AGAIN, pleasantly surprised. We get a nice quick intro into the Green Lantern mythos, are shown the bad guy, and then straight into the mess that is Hal Jordan's life. It doesn't take long for them to establish his reputation for being cocky and irresponsible,all the time living in the shadow of his late father. We're also introduced to the love interest, Carol Ferris, all keeping in line with the comic books. What I liked about this, compared to the ridiculous romance between Thor (in his eponymous film) and Natalie Portman's character, was that Hal Jordan and Carol Ferris clearly have a background, a past, a love that was won and lost - Thor and Jane Foster meet for 2 days and are suddenly willing to die for each other, pfft).

We get amusing time with some familiar comic characters (Tomar Re, Kilowog and of course Sinestro) and not one but TWO villains to deal with. We even get an appearance from Amanda Waller (are DC going to start building up a film continuity, the way Marvel has with SHIELD operatives appearing in all their films? Will Waller be showing up in Batman and SUperman films now?).

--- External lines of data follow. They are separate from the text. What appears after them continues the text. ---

(* Let $A$ be a Banach algebra. If $A$ contains no subspace isomorphic to $\ell^1$, then $\mathrm{wpL}(A)=\mathrm{cc}(A)=\mathrm{ap}(A)$.
   Context: For a Banach algebra $A$, $f\in A^*$ and $a\in A$, define $fa,af\in A^*$ by $fa(x)=f(ax)$ and $af(x)=f(xa)$. The operators $T_f,S_f:A\to A^*$ are $T_f(a)=fa$, $S_f(a)=af$. A set $E\subseteq A^*$ is an L-set if for every weakly null sequence $(x_n)$ in $A$, $\lim_n\sup_{g\in E}|g(x_n)|=0$. A set is weakly precompact if every sequence in it has a weakly Cauchy subsequence. $\mathrm{wpL}(A)$ is the set of $f\in A^*$ such that $T_f$ maps weakly precompact sets onto L-sets; $\mathrm{lcc}(A)$ (resp. $\mathrm{rcc}(A)$) is the set of $f$ such that $T_f$ (resp. $S_f$) is completely continuous (maps weakly null sequences to norm null sequences); $\mathrm{cc}(A)=\mathrm{lcc}(A)\cap\mathrm{rcc}(A)$; $\mathrm{ap}(A)$ is the set of $f$ such that $T_f$ is compact. *)

theory Defs
  imports "HOL-Analysis.Analysis"
begin

text \<open>Module actions: (f a)(x) = f(a x) and (a f)(x) = f(x a).\<close>
definition dual_lmod :: "('a::real_normed_algebra \<Rightarrow>\<^sub>L real) \<Rightarrow> 'a \<Rightarrow> ('a \<Rightarrow>\<^sub>L real)" where
  "dual_lmod f a = f o\<^sub>L blinfun_mult_right a"

definition dual_rmod :: "'a::real_normed_algebra \<Rightarrow> ('a \<Rightarrow>\<^sub>L real) \<Rightarrow> ('a \<Rightarrow>\<^sub>L real)" where
  "dual_rmod a f = f o\<^sub>L blinfun_mult_left a"

definition T_op :: "('a::real_normed_algebra \<Rightarrow>\<^sub>L real) \<Rightarrow> 'a \<Rightarrow> ('a \<Rightarrow>\<^sub>L real)" where
  "T_op f = (\<lambda>a. dual_lmod f a)"

definition S_op :: "('a::real_normed_algebra \<Rightarrow>\<^sub>L real) \<Rightarrow> 'a \<Rightarrow> ('a \<Rightarrow>\<^sub>L real)" where
  "S_op f = (\<lambda>a. dual_rmod a f)"

definition weakly_null :: "(nat \<Rightarrow> 'a::real_normed_vector) \<Rightarrow> bool" where
  "weakly_null x \<longleftrightarrow> (\<forall>g::'a \<Rightarrow>\<^sub>L real. (\<lambda>n. g (x n)) \<longlonglongrightarrow> 0)"

definition weakly_cauchy :: "(nat \<Rightarrow> 'a::real_normed_vector) \<Rightarrow> bool" where
  "weakly_cauchy x \<longleftrightarrow> (\<forall>g::'a \<Rightarrow>\<^sub>L real. Cauchy (\<lambda>n. g (x n)))"

definition weakly_precompact :: "'a::real_normed_vector set \<Rightarrow> bool" where
  "weakly_precompact S \<longleftrightarrow>
     (\<forall>x. (\<forall>n. x n \<in> S) \<longrightarrow> (\<exists>r::nat \<Rightarrow> nat. strict_mono r \<and> weakly_cauchy (x \<circ> r)))"

definition L_set :: "('a::real_normed_vector \<Rightarrow>\<^sub>L real) set \<Rightarrow> bool" where
  "L_set E \<longleftrightarrow> (\<forall>x. weakly_null x \<longrightarrow>
     (\<forall>e>0. \<forall>\<^sub>F n in sequentially. \<forall>g\<in>E. \<bar>g (x n)\<bar> \<le> e))"

definition completely_continuous :: "('a::real_normed_vector \<Rightarrow> 'b::real_normed_vector) \<Rightarrow> bool" where
  "completely_continuous T \<longleftrightarrow> (\<forall>x. weakly_null x \<longrightarrow> (\<lambda>n. T (x n)) \<longlonglongrightarrow> 0)"

definition compact_op :: "('a::real_normed_vector \<Rightarrow> 'b::real_normed_vector) \<Rightarrow> bool" where
  "compact_op T \<longleftrightarrow> compact (closure (T ` ball 0 1))"

definition wpL :: "('a::real_normed_algebra \<Rightarrow>\<^sub>L real) set" where
  "wpL = {f. \<forall>Y::'a set. weakly_precompact Y \<longrightarrow> L_set (T_op f ` Y)}"

definition lcc :: "('a::real_normed_algebra \<Rightarrow>\<^sub>L real) set" where
  "lcc = {f. completely_continuous (T_op f)}"

definition rcc :: "('a::real_normed_algebra \<Rightarrow>\<^sub>L real) set" where
  "rcc = {f. completely_continuous (S_op f)}"

definition cc :: "('a::real_normed_algebra \<Rightarrow>\<^sub>L real) set" where
  "cc = lcc \<inter> rcc"

definition ap :: "('a::real_normed_algebra \<Rightarrow>\<^sub>L real) set" where
  "ap = {f. compact_op (T_op f)}"

text \<open>ell^1 = {a :: nat \<Rightarrow> real. summable |a|} with norm sum |a n|.
  A contains a subspace isomorphic to ell^1 iff there is a linear map on ell^1
  into A that is an isomorphism onto its range.\<close>
definition contains_l1 :: "'a::real_normed_vector itself \<Rightarrow> bool" where
  "contains_l1 _ \<longleftrightarrow> (\<exists>(J::(nat \<Rightarrow> real) \<Rightarrow> 'a) c C. 0 < c \<and>
     (\<forall>a b. summable (\<lambda>n. \<bar>a n\<bar>) \<longrightarrow> summable (\<lambda>n. \<bar>b n\<bar>) \<longrightarrow> J (\<lambda>n. a n + b n) = J a + J b) \<and>
     (\<forall>a t. summable (\<lambda>n. \<bar>a n\<bar>) \<longrightarrow> J (\<lambda>n. t * a n) = t *\<^sub>R J a) \<and>
     (\<forall>a. summable (\<lambda>n. \<bar>a n\<bar>) \<longrightarrow>
        c * (\<Sum>n. \<bar>a n\<bar>) \<le> norm (J a) \<and> norm (J a) \<le> C * (\<Sum>n. \<bar>a n\<bar>)))"

end

theory Submission
  imports Defs
begin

Special effects were decent (not sure it was necessary to make the GL costumes CGI), the constructs looked good, some nice conflicts, the villains were not that great though, and the key to defeating the bad guy was a bit mundane. Still, Ryan Reynolds did not annoy me, and even managed to emote once in a while, and there was of course the obligatory set up of a villain for the potential sequel if this film makes enough money. I for one do not understand why it has attracted a lot of negative hype. Worth watching for some light entertainment.